> What needs to be done
Filter the entries, keeping every line with the word "ordinals".

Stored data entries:
◇ ◇ ◇ ◇ ◇
(* Let $(\mathcal{F}_\alpha)_{\alpha<\omega_1}$ be a transfinite family and let $\alpha<\beta<\omega_1$ and $\gamma<\omega_1$. Then (a) there is $m\in\mathbb{N}$ with $(\mathcal{F}_\alpha\cap[\{m,m+1,\dots\}]^{<\infty})\sqcup\mathcal{F}_\gamma\subset(\mathcal{F}_\beta\cap[\{m,m+1,\dots\}]^{<\infty})\sqcup\mathcal{F}_\gamma$, and (b) for every infinite $N\subset\mathbb{N}$, $\mathbb{I}(\mathcal{F}_\alpha\sqcup\mathcal{F}_\gamma,N)<\mathbb{I}(\mathcal{F}_\beta\sqcup\mathcal{F}_\gamma,N)$.
   Context: For sets $\mathcal{A},\mathcal{B}$ of finite subsets of $\mathbb{N}$, $\mathcal{A}\sqcup\mathcal{B}=\{A\cup B:A\in\mathcal{A},B\in\mathcal{B}\}$. Transfinite family: given, for each countable limit ordinal $\alpha$, finite sets $A_n(\alpha)\subset[0,\alpha)$ increasing in $n$ with $\max A_n(\alpha)\to\alpha$, set $\mathcal{F}_0=\{\emptyset\}$, $\mathcal{F}_{\beta+1}=\{\{n\}\cup E:n\in\mathbb{N},E\in\mathcal{F}_\beta\}\cup\{\emptyset\}$, and for limit $\alpha$, $\mathcal{F}_\alpha=\{\emptyset\}\cup\{E\ne\emptyset:E\in\bigcup_{\beta\in A_{\min E}(\alpha)}\mathcal{F}_\beta\}$. For $N=\{n_1<n_2<\dots\}$, $\mathcal{F}^N=\{\{n_i:i\in E\}:E\in\mathcal{F}\}$. A hereditary $\mathcal{A}$ is $\alpha$-large on infinite $P$ if every infinite $M\subset P$ contains an infinite $N$ with $\mathcal{F}_\alpha^N\subset\mathcal{A}$; $\mathbb{I}(\mathcal{A},P)=\sup\{\alpha<\omega_1:\mathcal{A}\text{ is }\alpha\text{-large on }P\}$. *)

theory Defs
  imports Main "HOL-Library.Infinite_Set" "HOL-Library.Countable_Set"
begin

text \<open>Countable ordinals are modelled inside an arbitrary well-ordered type 'o
  together with a distinguished element w1 playing the role of omega_1:
  every element below w1 has countably many predecessors, and w1 itself has
  uncountably many. Then the initial segment below w1 is order-isomorphic to
  omega_1.\<close>

definition is_omega1 :: "'o::wellorder \<Rightarrow> bool" where
  "is_omega1 w1 \<longleftrightarrow> \<not> countable {y. y < w1} \<and> (\<forall>x<w1. countable {y. y < x})"

definition osuc :: "'o::wellorder \<Rightarrow> 'o" where
  "osuc b = (LEAST d. b < d)"

definition is_zero :: "'o::wellorder \<Rightarrow> bool" where
  "is_zero a \<longleftrightarrow> (\<forall>b. \<not> b < a)"

definition is_limit :: "'o::wellorder \<Rightarrow> bool" where
  "is_limit a \<longleftrightarrow> \<not> is_zero a \<and> (\<forall>b<a. \<exists>d. b < d \<and> d < a)"

definition admissible_A :: "'o::wellorder \<Rightarrow> (nat \<Rightarrow> 'o \<Rightarrow> 'o set) \<Rightarrow> bool" where
  "admissible_A w1 A \<longleftrightarrow> (\<forall>a<w1. is_limit a \<longrightarrow>
      (\<forall>n. finite (A n a) \<and> A n a \<subseteq> {b. b < a} \<and> A n a \<subseteq> A (Suc n) a) \<and>
      (\<forall>b<a. \<exists>n. \<exists>d\<in>A n a. b \<le> d))"

text \<open>F is the transfinite family determined by A (the recursion determines F
  uniquely on the ordinals below w1).\<close>
definition transfinite_family ::
    "'o::wellorder \<Rightarrow> (nat \<Rightarrow> 'o \<Rightarrow> 'o set) \<Rightarrow> ('o \<Rightarrow> nat set set) \<Rightarrow> bool" where
  "transfinite_family w1 A F \<longleftrightarrow>
     (\<forall>a<w1. is_zero a \<longrightarrow> F a = {{}}) \<and>
     (\<forall>b. osuc b < w1 \<longrightarrow> F (osuc b) = {insert n E | n E. E \<in> F b} \<union> {{}}) \<and>
     (\<forall>a<w1. is_limit a \<longrightarrow>
        F a = {{}} \<union> {E. E \<noteq> {} \<and> E \<in> (\<Union>b\<in>A (Min E) a. F b)})"

definition sqcup :: "nat set set \<Rightarrow> nat set set \<Rightarrow> nat set set" where
  "sqcup \<A> \<B> = {X \<union> Y | X Y. X \<in> \<A> \<and> Y \<in> \<B>}"

text \<open>F^N for N = {n_0 < n_1 < ...} (enumerated from index 0).\<close>
definition fam_spread :: "nat set set \<Rightarrow> nat set \<Rightarrow> nat set set" where
  "fam_spread \<F> N = {enumerate N ` E | E. E \<in> \<F>}"

definition is_large ::
    "('o \<Rightarrow> nat set set) \<Rightarrow> 'o \<Rightarrow> nat set set \<Rightarrow> nat set \<Rightarrow> bool" where
  "is_large F a \<A> P \<longleftrightarrow>
     (\<forall>M. M \<subseteq> P \<and> infinite M \<longrightarrow> (\<exists>N\<subseteq>M. infinite N \<and> fam_spread (F a) N \<subseteq> \<A>))"

definition large_index ::
    "'o::wellorder \<Rightarrow> ('o \<Rightarrow> nat set set) \<Rightarrow> nat set set \<Rightarrow> nat set \<Rightarrow> 'o" where
  "large_index w1 F \<A> P = (LEAST s. s \<le> w1 \<and> (\<forall>a<w1. is_large F a \<A> P \<longrightarrow> a \<le> s))"

end

theory Submission
  imports Defs "HOL-Library.Multiset" "HOL-Library.Diagonal_Subsequence"
begin

(* Part (a) is a transfinite induction on beta: at a limit beta, F alpha sits inside
   some F d with d in A n beta, and every set of F d with minimum at least n lies in F beta.

   For (b), largeness is read along subsequences: the family is alpha-large on N iff every
   subsequence g of N has a further subsequence g o h mapping each set of F alpha into it.
   This passes down to smaller ordinals (by (a), after shifting indices), holds at 0 and
   survives limits (diagonal subsequence), so the levels at which F alpha \<squnion> F gamma is large
   form an initial segment [0, c].  It is a proper segment below omega_1: removing the
   minimum x of a set in F a \<squnion> F b lands in one of finitely many F a' \<squnion> F b' with (a', b')
   lexicographically smaller, so well-founded induction on finite multisets of pairs, together
   with the regularity of omega_1 to bound the levels obtained for the various x, yields a level
   that never maps into F alpha \<squnion> F gamma.  Hence the index of F alpha \<squnion> F gamma is c, whereas
   F beta \<squnion> F gamma is (c+1)-large: a set {n} \<union> X \<union> Z with X in F alpha, Z in F gamma and
   all elements large has {n} \<union> X in F (alpha+1), hence in F beta by (a). *)

section \<open>Successor and limit ordinals\<close>

lemma less_osuc: "(b::'o::wellorder) < d \<Longrightarrow> b < osuc b"
  unfolding osuc_def by (rule LeastI)

lemma osuc_least: "(b::'o::wellorder) < d \<Longrightarrow> osuc b \<le> d"
  unfolding osuc_def by (rule Least_le)

lemma less_osuc_iff: "(b::'o::wellorder) < d \<Longrightarrow> y < osuc b \<longleftrightarrow> y \<le> b"
  by (metis leD linorder_not_le order_le_less_trans less_osuc osuc_least)

lemma osuc_not_limit: "(b::'o::wellorder) < d \<Longrightarrow> \<not> is_limit (osuc b)"
  unfolding is_limit_def by (metis leD less_osuc less_osuc_iff)

lemma osuc_inject: "(b::'o::wellorder) < a \<Longrightarrow> b' < a' \<Longrightarrow> osuc b = osuc b' \<Longrightarrow> b = b'"
  by (metis leD less_osuc linorder_neqE osuc_least)

lemma finite_osuc_preimage: "finite {b::'o::wellorder. b < a \<and> osuc b = a}"
proof (cases "\<exists>b0. b0 < a \<and> osuc b0 = a")
  case True
  then obtain b0 where "b0 < a" "osuc b0 = a" by blast
  then have "{b. b < a \<and> osuc b = a} \<subseteq> {b0}" using osuc_inject by blast
  then show ?thesis using finite_subset by blast
next
  case False
  then have "{b. b < a \<and> osuc b = a} = {}" by blast
  then show ?thesis by (metis finite.emptyI)
qed

lemma ordinal_cases [case_names zero limit osuc]:
  fixes a :: "'o::wellorder"
  obtains "is_zero a" | "is_limit a" | b where "b < a" "a = osuc b"
proof (cases "is_zero a \<or> is_limit a")
  case False
  then obtain b where b: "b < a" "\<not> (\<exists>d. b < d \<and> d < a)"
    unfolding is_limit_def by blast
  then have "a = osuc b"
    using osuc_least[OF b(1)] less_osuc[OF b(1)] by force
  with b(1) show ?thesis by (rule that(3))
qed (use that in blast)

lemma ordinal_induct [case_names zero osuc limit]:
  fixes a :: "'o::wellorder"
  assumes zero: "\<And>a. is_zero a \<Longrightarrow> P a"
    and osuc: "\<And>b. b < osuc b \<Longrightarrow> P b \<Longrightarrow> P (osuc b)"
    and limit: "\<And>a. is_limit a \<Longrightarrow> (\<And>b. b < a \<Longrightarrow> P b) \<Longrightarrow> P a"
  shows "P a"
proof (induction a rule: less_induct)
  case (less a)
  show ?case
    by (rule ordinal_cases[of a]) (use less zero osuc limit in auto)
qed

section \<open>Spreading families and largeness along subsequences\<close>

definition spreading :: "nat set set \<Rightarrow> bool" where
  "spreading \<F> \<longleftrightarrow> (\<forall>E\<in>\<F>. \<forall>f. (\<forall>x\<in>E. x \<le> f x) \<longrightarrow> f ` E \<in> \<F>)"

lemma spreadingD: "spreading \<F> \<Longrightarrow> E \<in> \<F> \<Longrightarrow> (\<And>x. x \<in> E \<Longrightarrow> x \<le> f x) \<Longrightarrow> f ` E \<in> \<F>"
  unfolding spreading_def by blast

lemma spreading_UN: "(\<And>c. c \<in> D \<Longrightarrow> spreading (G c)) \<Longrightarrow> spreading (\<Union>c\<in>D. G c)"
  unfolding spreading_def by blast

lemma sqcup_mono: "\<A> \<subseteq> \<A>' \<Longrightarrow> \<B> \<subseteq> \<B>' \<Longrightarrow> sqcup \<A> \<B> \<subseteq> sqcup \<A>' \<B>'"
  unfolding sqcup_def by blast

definition spreads_into :: "nat set set \<Rightarrow> (nat \<Rightarrow> nat) \<Rightarrow> nat set set \<Rightarrow> bool" where
  "spreads_into \<F> k \<A> \<longleftrightarrow> (\<forall>E\<in>\<F>. k ` E \<in> \<A>)"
◇ ◇ ◇ ◇ ◇
> Task output
text \<open>Countable ordinals are modelled inside an arbitrary well-ordered type 'o
  uniquely on the ordinals below w1).\<close>
   This passes down to smaller ordinals (by (a), after shifting indices), holds at 0 and
section \<open>Successor and limit ordinals\<close>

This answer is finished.